Verhofstadt was dan ook een uitzonderlijk talent.
Somers: Absoluut. (lacht) Ik ben zeer blij dat eindelijk ook eens in Knack te mogen lezen, en ik hoef het niet eens zelf te zeggen. Mag dat wel van uw directeur? In alle ernst, Verhofstadt was en is inderdaad een uitzonderlijk talent. Ondertussen weet iedereen wel dat je een hele grote mijnheer moet zijn om dit land acht jaar lang stabiel te kunnen besturen.
Als je geld genoeg hebt, is dat net iets makkelijker.
Somers: Ook in jaren met een economische groei van minder dan 1 procent slaagde Verhofstadt er altijd wel in om de openbare schuld te doen dalen. Ik wacht vandaag nog altijd op een reactie van onze christendemocratische vrienden in de federale regering om het structurele onevenwicht op de begroting weg te werken. Er zijn maar twee manieren om dat te doen: meer belastingen, of besparingen. Welnu, wij hebben een voorstel om de komende tien jaar elk jaar 1 miljard euro te besparen bij alle overheden samen. De regering die dat doet, is met de toekomst bezig.

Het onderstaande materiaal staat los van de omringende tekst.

text \<open>Given \<open>\<epsilon>\<close>, the Frechet inequality for \<open>vbar\<close> at \<open>xbar\<close> holds with slack \<open>e\<close> on a ball of
  radius \<open>r\<close>, and \<open>m\<^sub>i\<close> can be taken large. As \<open>vbar\<close> lies on the boundary of the union of
  limiting subdifferentials, some \<open>w\<close> within \<open>e\<close> of \<open>vbar\<close> lies outside it. By lower
  semicontinuity, \<open>f + m\<^sub>i/2 |\<cdot> - xbar|\<^sup>2 - \<langle>w, \<cdot>\<rangle>\<close> attains its minimum on the closed ball
  at some \<open>z\<close>; comparing with its value at \<open>xbar\<close> and with the Frechet lower bound gives
  \<open>m\<^sub>i |z - xbar| \<le> 4e\<close>, so \<open>z\<close> is interior. Then \<open>w\<close> is a Frechet, hence limiting,
  subgradient of the perturbed function at \<open>z\<close>, which forces \<open>z \<notin> M\<close>, and
  \<open>w - m\<^sub>i (z - xbar)\<close> is a Frechet subgradient of \<open>f\<close> at \<open>z\<close> close to \<open>vbar\<close>.\<close>

lemma lsc_iff_eventually:
  "lsc f \<longleftrightarrow> (\<forall>x c. c < f x \<longrightarrow> eventually (\<lambda>y. c < f y) (at x))"
  unfolding lsc_def le_Liminf_iff by blast

lemma lsc_add_continuous:
  fixes f :: "'a::topological_space \<Rightarrow> ereal" and q :: "'a \<Rightarrow> real"
  assumes "lsc f" and "continuous_on UNIV q"
  shows "lsc (\<lambda>x. f x + ereal (q x))"
  unfolding lsc_iff_eventually
proof (intro allI impI)
  fix x and c :: ereal
  assume c: "c < f x + ereal (q x)"
  have f_ev: "eventually (\<lambda>y. t < f y) (at x)" if "t < f x" for t
    using assms(1) that unfolding lsc_iff_eventually by blast
  show "eventually (\<lambda>y. c < f y + ereal (q y)) (at x)"
  proof (cases c)
    case MInf
    then have "-\<infinity> < f x" using c by auto
    from f_ev[OF this] show ?thesis
      by eventually_elim (use MInf in auto)
  next
    case (real c0)
    then have "ereal (c0 - q x) < f x" using c by (cases "f x") auto
    then obtain t where t: "c0 - q x < t" "ereal t < f x"
      using ereal_dense2 by force
    have "(q \<longlongrightarrow> q x) (at x)"
      using assms(2) by (simp add: continuous_on_def)
    then have "eventually (\<lambda>y. dist (q y) (q x) < t - (c0 - q x)) (at x)"
      using t(1) by (intro tendstoD) auto
    with f_ev[OF t(2)] show ?thesis
    proof eventually_elim
      case (elim y)
      then have "ereal c0 < ereal t + ereal (q y)"
        by (auto simp: dist_real_def)
      also have "\<dots> \<le> f y + ereal (q y)"
        using elim(1) by (intro add_right_mono) simp
      finally show ?case using real by simp
    qed
  qed (use c in auto)
qed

Is het de wens van Open VLD dat deze regering de rit uitdoet tot 2011?
Somers: Absoluut. We zullen natuurlijk wel de klip van juni 2009 moeten nemen. Als de kaarten heel grondig worden geschud, kan dat misschien een moment van destabilisering veroorzaken. Maar wij kiezen voor stabiliteit.

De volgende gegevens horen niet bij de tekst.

lemma minimally_surrounds_triangle_crossing:
  fixes S :: "(real^3) set"
  assumes "finite S" "minimally_surrounds S"
    and V: "V \<subseteq> S" "pos_dependent V" "card V = 3"
    and out: "a \<notin> span V" "b \<notin> span V" "a \<noteq> b" and pos: "0 < \<alpha>" "0 < \<beta>"
    and cross: "\<alpha> *\<^sub>R a + \<beta> *\<^sub>R b \<in> span V" and span_aV: "span (insert a V) = UNIV"
    and S_eq: "S = V \<union> {a, b}"
  obtains "\<alpha> *\<^sub>R a + \<beta> *\<^sub>R b = 0"
    | m \<mu> where "m \<in> V" "0 < \<mu>" "\<alpha> *\<^sub>R a + \<beta> *\<^sub>R b + \<mu> *\<^sub>R m = 0"
proof -
  have fin: "finite V" using V(1) assms(1) finite_subset by blast
  have "V \<noteq> {}" using V(3) by auto
  have aV: "a \<notin> V" "b \<notin> V" using out(1,2) span_base by auto
  define z where "z = \<alpha> *\<^sub>R a + \<beta> *\<^sub>R b"
  obtain x0 W where W: "x0 \<in> V" "W \<subseteq> V - {x0}" "pos_combination W (- z)"
    using pos_combination_avoid_point[OF fin \<open>V \<noteq> {}\<close> V(2)]
      pos_combination_of_span[OF fin V(2) span_neg[OF cross]] unfolding z_def by blast
  obtain n1 n2 where n: "V - {x0} = {n1, n2}" "n1 \<noteq> n2"
    using V(3) W(1) fin card_2_iff[of "V - {x0}"] by auto
  from W(2) have "W \<subseteq> {n1, n2}" by (simp add: n(1))
  then consider "W = {}" | m where "W = {m}" | "W = {n1, n2}" by (rule subset_doubleton_cases)
  then show ?thesis
  proof cases
    case 1
    then show ?thesis using W(3) that(1) by (simp add: z_def neg_eq_iff_add_eq_0)
  next
    case (2 m)
    then obtain \<mu> where \<mu>: "0 < \<mu>" "- z = \<mu> *\<^sub>R m" using W(3) by (auto simp: pos_combination_singleton)
    have "z + \<mu> *\<^sub>R m = 0" using \<mu>(2) by (simp add: neg_eq_iff_add_eq_0)
    moreover have "m \<in> V" using 2 W(2) by auto
    ultimately show ?thesis using that(2) \<mu>(1) by (simp add: z_def)
  next
    case 3
    then have "W = V - {x0}" using n(1) by simp
    moreover have "pos_combination {a, b} z"
      using pos_combination_insert[OF _ _ pos(1) pos_combination_singletonI[OF pos(2)]] out(3)
      by (simp add: z_def)
    moreover have "span ({a, b} \<union> V) = UNIV"
      using span_aV span_mono[of "insert a V" "{a, b} \<union> V"] by auto
    moreover have "{a, b} \<subseteq> S" "{a, b} \<inter> V = {}" using S_eq aV by auto
    ultimately show ?thesis
      using minimally_surrounds_relation_avoiding_vertex[OF assms(1,2) V(1,2) W(1)] W(3) by blast
  qed
qed

lemma minimally_surrounds_triangle_cases:
  fixes S :: "(real^3) set"
  assumes "finite S" "minimally_surrounds S"
    and V: "V \<subseteq> S" "pos_dependent V" "\<not> affine_dependent V" "card V = 3"
  shows "(\<exists>A B. critical_simplex 2 A \<and> critical_simplex 2 B \<and> card (A \<inter> B) = 1 \<and> S = A \<union> B)
    \<or> (\<exists>A B. critical_simplex 2 A \<and> critical_simplex 1 B \<and> A \<inter> B = {} \<and> S = A \<union> B)"
proof -
  have "card V = DIM(real^3)" using V(4) by simp
  then obtain a b \<alpha> \<beta> where out: "a \<notin> span V" "b \<notin> span V" "a \<noteq> b" and pos: "0 < \<alpha>" "0 < \<beta>"
    and cross: "\<alpha> *\<^sub>R a + \<beta> *\<^sub>R b \<in> span V" and span_aV: "span (insert a V) = UNIV"
    and S_eq: "S = V \<union> {a, b}"
    by (rule minimally_surrounds_facet_circuit[OF assms(1,2) V(1-3)])
  have critV: "critical_simplex 2 V"
    using V finite_subset[OF V(1) assms(1)] by (simp add: critical_simplex_iff)
  have aV: "a \<notin> V" "b \<notin> V" using out(1,2) span_base by auto
  show ?thesis
  proof (rule minimally_surrounds_triangle_crossing[OF assms(1,2) V(1,2,4) out pos cross span_aV S_eq])
    assume "\<alpha> *\<^sub>R a + \<beta> *\<^sub>R b = 0"
    then have "critical_simplex 1 {a, b}" using out(3) pos by (intro critical_segmentI)
    moreover have "V \<inter> {a, b} = {}" using aV by auto
    ultimately show ?thesis using critV S_eq by blast
  next
    fix m \<mu> assume m: "m \<in> V" "0 < \<mu>" "\<alpha> *\<^sub>R a + \<beta> *\<^sub>R b + \<mu> *\<^sub>R m = 0"
    have "m \<noteq> 0" using m(1) V(1) minimally_surrounds_zero_notin[OF assms(1,2)] by auto
    moreover have "a \<notin> span {m}" using out(1) span_mono[of "{m}" V] m(1) by auto
    moreover have "b \<noteq> m" using aV(2) m(1) by auto
    ultimately have "critical_simplex 2 {a, b, m}"
      using out(3) pos m(2,3) by (intro critical_triangleI)
    moreover have "V \<inter> {a, b, m} = {m}" using aV m(1) by auto
    moreover have "S = V \<union> {a, b, m}" using S_eq m(1) by auto
    ultimately show ?thesis using critV by (intro disjI1 exI[of _ V] exI[of _ "{a, b, m}"]) simp
  qed
qed

lemma minimally_surrounds_segment_cases:
  fixes S :: "(real^3) set"
  assumes "finite S" "minimally_surrounds S"
    and segments: "\<forall>s\<in>S. \<exists>V\<subseteq>S. s \<in> V \<and> critical_simplex 1 V"
  shows "\<exists>A B C. critical_simplex 1 A \<and> critical_simplex 1 B \<and> critical_simplex 1 C
    \<and> A \<inter> B = {} \<and> A \<inter> C = {} \<and> B \<inter> C = {} \<and> S = A \<union> B \<union> C"
proof -
  note S = minimally_surroundsD[OF assms(1,2)]
  obtain B where B: "B \<subseteq> S" "independent B" "S \<subseteq> span B" "card B = dim S"
    by (rule basis_exists)
  have span_B: "span B = UNIV" using B(3) S(1) span_minimal[OF _ subspace_span] by blast
  have "dim S = DIM(real^3)" using S(1) by (metis dim_UNIV dim_span)
  then have "card B = 3" using B(4) by simp
  then obtain b1 b2 b3 where b: "B = {b1, b2, b3}" "b1 \<noteq> b2" "b2 \<noteq> b3" "b1 \<noteq> b3"
    by (auto simp: card_3_iff)
  have "\<forall>b\<in>B. \<exists>V. V \<subseteq> S \<and> b \<in> V \<and> critical_simplex 1 V"
    using segments B(1) by blast
  from bchoice[OF this] obtain P where P: "\<forall>b\<in>B. P b \<subseteq> S \<and> b \<in> P b \<and> critical_simplex 1 (P b)"
    by blast
  have seg: "finite (P b)" "pos_dependent (P b)" if "b \<in> B" for b
    using P that by (auto simp: critical_simplex_iff)
  have disj: "P b \<inter> P b' = {}" if "b \<in> B" "b' \<in> B" "b \<noteq> b'" for b b'
  proof -
    have "P b \<subseteq> span {b}" "P b' \<subseteq> span {b'}"
      using P that(1,2) by (intro critical_segment_subset_span; simp)+
    then have "P b \<inter> P b' \<subseteq> {0}" using span_singleton_inter_independent[OF B(2) that] by blast
    moreover have "0 \<notin> P b" using P that(1) minimally_surrounds_zero_notin[OF assms(1,2)] by blast
    ultimately show ?thesis by blast
  qed
  have inB: "b1 \<in> B" "b2 \<in> B" "b3 \<in> B" using b(1) by auto
  have pc12: "pos_combination (P b1 \<union> P b2) (0 + 0)"
    using seg inB disj[of b1 b2] b(2) by (intro pos_combination_Un) auto
  have "pos_combination (P b1 \<union> P b2 \<union> P b3) (0 + 0 + 0)"
    by (rule pos_combination_Un[OF _ _ _ pc12])
      (use seg inB disj[of b1 b3] disj[of b2 b3] b(3,4) in auto)
  then have "pos_dependent (P b1 \<union> P b2 \<union> P b3)" by simp
  moreover have "B \<subseteq> P b1 \<union> P b2 \<union> P b3" using P b(1) by auto
  then have "span (P b1 \<union> P b2 \<union> P b3) = UNIV" using span_B span_mono by blast
  moreover have "P b1 \<union> P b2 \<union> P b3 \<subseteq> S" using P inB by auto
  ultimately have "P b1 \<union> P b2 \<union> P b3 = S"
    by (intro minimally_surrounds_subset_eq[OF assms(1,2)])
  moreover have "P b1 \<inter> P b2 = {}" "P b1 \<inter> P b3 = {}" "P b2 \<inter> P b3 = {}"
    using disj inB b(2-4) by auto
  ultimately show ?thesis
    using P inB by (intro exI[of _ "P b1"] exI[of _ "P b2"] exI[of _ "P b3"]) simp
qed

Wilde u aanvankelijk niet dat de verkiezingen opnieuw allemaal zouden samenvallen? SP.A-voorzitster Caroline Gennez vraagt zich af waarom u dat nu niet meer wilt, het zou volgens haar een goede manier zijn om met een schone lei te beginnen en het land te stabiliseren.

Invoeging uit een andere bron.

(* Let $A$ be a bialgebra and $\Omega(A)=(H,\triangleleft,\triangleright,f)$ an extending datum of $A$ whose right action is trivial, i.e. $h\triangleleft a=\varepsilon_A(a)h$ for all $h\in H$, $a\in A$. Then $\Omega(A)$ is a bialgebra extending structure of $A$ if and only if $H$ is an (associative) bialgebra and, for all $g,h,l\in H$ and $a,b\in A$: (a) $[g_{(1)}\triangleright(h_{(1)}\triangleright a)]\,f(g_{(2)},h_{(2)})=f(g_{(1)},h_{(1)})\,((g_{(2)}h_{(2)})\triangleright a)$ and $(g_{(1)}\triangleright f(h_{(1)},l_{(1)}))\,f(g_{(2)},h_{(2)}l_{(2)})=f(g_{(1)},h_{(1)})\,f(g_{(2)}h_{(2)},l)$; (b) $g\triangleright(ab)=(g_{(1)}\triangleright a)(g_{(2)}\triangleright b)$; (c) $g_{(1)}\otimes g_{(2)}\triangleright a=g_{(2)}\otimes g_{(1)}\triangleright a$; (d) $g_{(1)}h_{(1)}\otimes f(g_{(2)},h_{(2)})=g_{(2)}h_{(2)}\otimes f(g_{(1)},h_{(1)})$. In this case $A\ltimes H$ is the crossed product $A\#_f H$, with multiplication $(a\#h)(c\#g)=a(h_{(1)}\triangleright c)f(h_{(2)},g_{(1)})\#h_{(3)}g_{(2)}$.
   Context: $k$ is a field; Sweedler notation is used. An extending datum of a bialgebra $A$ is a system $(H,\triangleleft,\triangleright,f)$ where $H$ is a coalgebra $(\Delta_H,\varepsilon_H)$ with a unital, not necessarily associative multiplication (written $\cdot$ or juxtaposition) and unit $1_H$ with $\Delta_H(1_H)=1_H\otimes 1_H$, and $\triangleleft:H\otimes A\to H$, $\triangleright:H\otimes A\to A$, $f:H\otimes H\to A$ are coalgebra maps satisfying $h\triangleright 1_A=\varepsilon_H(h)1_A$, $1_H\triangleright a=a$, $1_H\triangleleft a=\varepsilon_A(a)1_H$, $h\triangleleft 1_A=h$, $f(h,1_H)=f(1_H,h)=\varepsilon_H(h)1_A$. $A\ltimes H$ is $A\otimes H$ with multiplication $(a\ltimes h)\bullet(c\ltimes g)=a(h_{(1)}\triangleright c_{(1)})f(h_{(2)}\triangleleft c_{(2)},g_{(1)})\ltimes(h_{(3)}\triangleleft c_{(3)})\cdot g_{(2)}$, unit $1_A\ltimes 1_H$ and tensor product coalgebra structure; $\Omega(A)$ is a bialgebra extending structure if this is a bialgebra. *)

theory Defs
  imports Main "HOL.Vector_Spaces"
begin

text \<open>
  A k-vector space is a type 'v of class ab_group_add together with a
  scalar multiplication s satisfying the library locale predicate vector_space s.

  An element of V1 (x) ... (x) Vn is represented by a finite list of
  n-tuples (a finite sum of simple tensors).  Two such representatives denote the same
  element of the tensor product iff they agree under every n-linear form
  V1 x ... x Vn -> k (i.e. under every element of the dual of the tensor product,
  via the universal property).  A linear map into a tensor product is a function
  returning representatives that is linear modulo this equality.  Sweedler sums are
  list comprehensions over the chosen representative of the coproduct.
\<close>

definition lin_form :: "('k::field \<Rightarrow> 'v::ab_group_add \<Rightarrow> 'v) \<Rightarrow> ('v \<Rightarrow> 'k) \<Rightarrow> bool" where
  "lin_form s \<phi> \<longleftrightarrow> Vector_Spaces.linear s (*) \<phi>"

definition form2 :: "('k::field \<Rightarrow> 'a::ab_group_add \<Rightarrow> 'a) \<Rightarrow> ('k \<Rightarrow> 'b::ab_group_add \<Rightarrow> 'b)
    \<Rightarrow> ('a \<Rightarrow> 'b \<Rightarrow> 'k) \<Rightarrow> bool" where
  "form2 s1 s2 \<beta> \<longleftrightarrow> (\<forall>y. lin_form s1 (\<lambda>x. \<beta> x y)) \<and> (\<forall>x. lin_form s2 (\<lambda>y. \<beta> x y))"

definition form3 :: "('k::field \<Rightarrow> 'a::ab_group_add \<Rightarrow> 'a) \<Rightarrow> ('k \<Rightarrow> 'b::ab_group_add \<Rightarrow> 'b)
    \<Rightarrow> ('k \<Rightarrow> 'c::ab_group_add \<Rightarrow> 'c) \<Rightarrow> ('a \<Rightarrow> 'b \<Rightarrow> 'c \<Rightarrow> 'k) \<Rightarrow> bool" where
  "form3 s1 s2 s3 \<beta> \<longleftrightarrow> (\<forall>y z. lin_form s1 (\<lambda>x. \<beta> x y z)) \<and> (\<forall>x z. lin_form s2 (\<lambda>y. \<beta> x y z))
      \<and> (\<forall>x y. lin_form s3 (\<lambda>z. \<beta> x y z))"

definition form4 :: "('k::field \<Rightarrow> 'a::ab_group_add \<Rightarrow> 'a) \<Rightarrow> ('k \<Rightarrow> 'b::ab_group_add \<Rightarrow> 'b)
    \<Rightarrow> ('k \<Rightarrow> 'c::ab_group_add \<Rightarrow> 'c) \<Rightarrow> ('k \<Rightarrow> 'd::ab_group_add \<Rightarrow> 'd)
    \<Rightarrow> ('a \<Rightarrow> 'b \<Rightarrow> 'c \<Rightarrow> 'd \<Rightarrow> 'k) \<Rightarrow> bool" where
  "form4 s1 s2 s3 s4 \<beta> \<longleftrightarrow> (\<forall>y z w. lin_form s1 (\<lambda>x. \<beta> x y z w)) \<and> (\<forall>x z w. lin_form s2 (\<lambda>y. \<beta> x y z w))
      \<and> (\<forall>x y w. lin_form s3 (\<lambda>z. \<beta> x y z w)) \<and> (\<forall>x y z. lin_form s4 (\<lambda>w. \<beta> x y z w))"

definition form6 :: "('k::field \<Rightarrow> 'a::ab_group_add \<Rightarrow> 'a) \<Rightarrow> ('k \<Rightarrow> 'b::ab_group_add \<Rightarrow> 'b)
    \<Rightarrow> ('k \<Rightarrow> 'c::ab_group_add \<Rightarrow> 'c) \<Rightarrow> ('k \<Rightarrow> 'd::ab_group_add \<Rightarrow> 'd)
    \<Rightarrow> ('k \<Rightarrow> 'e::ab_group_add \<Rightarrow> 'e) \<Rightarrow> ('k \<Rightarrow> 'f::ab_group_add \<Rightarrow> 'f)
    \<Rightarrow> ('a \<Rightarrow> 'b \<Rightarrow> 'c \<Rightarrow> 'd \<Rightarrow> 'e \<Rightarrow> 'f \<Rightarrow> 'k) \<Rightarrow> bool" where
  "form6 s1 s2 s3 s4 s5 s6 \<beta> \<longleftrightarrow>
      (\<forall>x2 x3 x4 x5 x6. lin_form s1 (\<lambda>x1. \<beta> x1 x2 x3 x4 x5 x6))
    \<and> (\<forall>x1 x3 x4 x5 x6. lin_form s2 (\<lambda>x2. \<beta> x1 x2 x3 x4 x5 x6))
    \<and> (\<forall>x1 x2 x4 x5 x6. lin_form s3 (\<lambda>x3. \<beta> x1 x2 x3 x4 x5 x6))
    \<and> (\<forall>x1 x2 x3 x5 x6. lin_form s4 (\<lambda>x4. \<beta> x1 x2 x3 x4 x5 x6))
    \<and> (\<forall>x1 x2 x3 x4 x6. lin_form s5 (\<lambda>x5. \<beta> x1 x2 x3 x4 x5 x6))
    \<and> (\<forall>x1 x2 x3 x4 x5. lin_form s6 (\<lambda>x6. \<beta> x1 x2 x3 x4 x5 x6))"

definition teq2 :: "('k::field \<Rightarrow> 'a::ab_group_add \<Rightarrow> 'a) \<Rightarrow> ('k \<Rightarrow> 'b::ab_group_add \<Rightarrow> 'b)
    \<Rightarrow> ('a \<times> 'b) list \<Rightarrow> ('a \<times> 'b) list \<Rightarrow> bool" where
  "teq2 s1 s2 xs ys \<longleftrightarrow> (\<forall>\<beta>. form2 s1 s2 \<beta> \<longrightarrow>
      sum_list (map (\<lambda>(x1,x2). \<beta> x1 x2) xs) = sum_list (map (\<lambda>(x1,x2). \<beta> x1 x2) ys))"

definition teq3 :: "('k::field \<Rightarrow> 'a::ab_group_add \<Rightarrow> 'a) \<Rightarrow> ('k \<Rightarrow> 'b::ab_group_add \<Rightarrow> 'b)
    \<Rightarrow> ('k \<Rightarrow> 'c::ab_group_add \<Rightarrow> 'c)
    \<Rightarrow> ('a \<times> 'b \<times> 'c) list \<Rightarrow> ('a \<times> 'b \<times> 'c) list \<Rightarrow> bool" where
  "teq3 s1 s2 s3 xs ys \<longleftrightarrow> (\<forall>\<beta>. form3 s1 s2 s3 \<beta> \<longrightarrow>
      sum_list (map (\<lambda>(x1,x2,x3). \<beta> x1 x2 x3) xs) = sum_list (map (\<lambda>(x1,x2,x3). \<beta> x1 x2 x3) ys))"

definition teq4 :: "('k::field \<Rightarrow> 'a::ab_group_add \<Rightarrow> 'a) \<Rightarrow> ('k \<Rightarrow> 'b::ab_group_add \<Rightarrow> 'b)
    \<Rightarrow> ('k \<Rightarrow> 'c::ab_group_add \<Rightarrow> 'c) \<Rightarrow> ('k \<Rightarrow> 'd::ab_group_add \<Rightarrow> 'd)
    \<Rightarrow> ('a \<times> 'b \<times> 'c \<times> 'd) list \<Rightarrow> ('a \<times> 'b \<times> 'c \<times> 'd) list \<Rightarrow> bool" where
  "teq4 s1 s2 s3 s4 xs ys \<longleftrightarrow> (\<forall>\<beta>. form4 s1 s2 s3 s4 \<beta> \<longrightarrow>
      sum_list (map (\<lambda>(x1,x2,x3,x4). \<beta> x1 x2 x3 x4) xs)
    = sum_list (map (\<lambda>(x1,x2,x3,x4). \<beta> x1 x2 x3 x4) ys))"

definition teq6 :: "('k::field \<Rightarrow> 'a::ab_group_add \<Rightarrow> 'a) \<Rightarrow> ('k \<Rightarrow> 'b::ab_group_add \<Rightarrow> 'b)
    \<Rightarrow> ('k \<Rightarrow> 'c::ab_group_add \<Rightarrow> 'c) \<Rightarrow> ('k \<Rightarrow> 'd::ab_group_add \<Rightarrow> 'd)
    \<Rightarrow> ('k \<Rightarrow> 'e::ab_group_add \<Rightarrow> 'e) \<Rightarrow> ('k \<Rightarrow> 'f::ab_group_add \<Rightarrow> 'f)
    \<Rightarrow> ('a \<times> 'b \<times> 'c \<times> 'd \<times> 'e \<times> 'f) list \<Rightarrow> ('a \<times> 'b \<times> 'c \<times> 'd \<times> 'e \<times> 'f) list \<Rightarrow> bool" where
  "teq6 s1 s2 s3 s4 s5 s6 xs ys \<longleftrightarrow> (\<forall>\<beta>. form6 s1 s2 s3 s4 s5 s6 \<beta> \<longrightarrow>
      sum_list (map (\<lambda>(x1,x2,x3,x4,x5,x6). \<beta> x1 x2 x3 x4 x5 x6) xs)
    = sum_list (map (\<lambda>(x1,x2,x3,x4,x5,x6). \<beta> x1 x2 x3 x4 x5 x6) ys))"

text \<open>A vector space with (possibly non-associative) multiplication, unit, coproduct
  (given by representatives in V (x) V) and counit.\<close>

record ('k, 'v) bistr =
  scl :: "'k \<Rightarrow> 'v \<Rightarrow> 'v"
  mul :: "'v \<Rightarrow> 'v \<Rightarrow> 'v"
  one :: 'v
  cop :: "'v \<Rightarrow> ('v \<times> 'v) list"
  cou :: "'v \<Rightarrow> 'k"

definition bilin :: "('k::field \<Rightarrow> 'a::ab_group_add \<Rightarrow> 'a) \<Rightarrow> ('k \<Rightarrow> 'b::ab_group_add \<Rightarrow> 'b)
    \<Rightarrow> ('k \<Rightarrow> 'c::ab_group_add \<Rightarrow> 'c) \<Rightarrow> ('a \<Rightarrow> 'b \<Rightarrow> 'c) \<Rightarrow> bool" where
  "bilin s1 s2 s3 m \<longleftrightarrow> (\<forall>y. Vector_Spaces.linear s1 s3 (\<lambda>x. m x y))
     \<and> (\<forall>x. Vector_Spaces.linear s2 s3 (\<lambda>y. m x y))"

text \<open>(\<Delta> \<otimes> id) \<Delta>, i.e. the Sweedler triple x(1) (x) x(2) (x) x(3).\<close>
definition cop3 :: "('k, 'v) bistr \<Rightarrow> 'v \<Rightarrow> ('v \<times> 'v \<times> 'v) list" where
  "cop3 C x = [(u1, u2, v). (u, v) \<leftarrow> cop C x, (u1, u2) \<leftarrow> cop C u]"

definition coalg :: "('k::field, 'v::ab_group_add) bistr \<Rightarrow> bool" where
  "coalg C \<longleftrightarrow> vector_space (scl C)
    \<and> (\<forall>x y. teq2 (scl C) (scl C) (cop C (x + y)) (cop C x @ cop C y))
    \<and> (\<forall>c x. teq2 (scl C) (scl C) (cop C (scl C c x)) [(scl C c u, v). (u, v) \<leftarrow> cop C x])
    \<and> lin_form (scl C) (cou C)
    \<and> (\<forall>x. teq3 (scl C) (scl C) (scl C) (cop3 C x)
            [(u, v1, v2). (u, v) \<leftarrow> cop C x, (v1, v2) \<leftarrow> cop C v])
    \<and> (\<forall>x. sum_list [scl C (cou C u) v. (u, v) \<leftarrow> cop C x] = x)
    \<and> (\<forall>x. sum_list [scl C (cou C v) u. (u, v) \<leftarrow> cop C x] = x)"

definition alg :: "('k::field, 'v::ab_group_add) bistr \<Rightarrow> bool" where
  "alg C \<longleftrightarrow> vector_space (scl C) \<and> bilin (scl C) (scl C) (scl C) (mul C)
    \<and> (\<forall>x y z. mul C (mul C x y) z = mul C x (mul C y z))
    \<and> (\<forall>x. mul C (one C) x = x \<and> mul C x (one C) = x)"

Somers: Het land heeft inderdaad absoluut nood aan stabiliteit. Daarom werken onze ministers in de regering constructief mee aan de uitvoering van het relanceplan.
Tot slot: is optimisme voor u nog altijd een morele plicht?
Somers: We moeten niet naïef optimistisch zijn. Maar deze crisis is ook voor een stukje perceptie. Mensen die vandaag nog altijd een job hebben, hebben zelfs iets meer koopkracht dan een half jaar geleden. Toch aarzelen ook zij om geld uit te geven. Die angst heeft dus een negatieve impact op de economie. Dus ja, optimisme is een morele plicht, ook in tijden van crisis. Deze crisis zal trouwens niet eeuwig duren. En we moeten onze samenleving zo organiseren dat we er snel weer bovenop zijn als het ergste achter de rug is.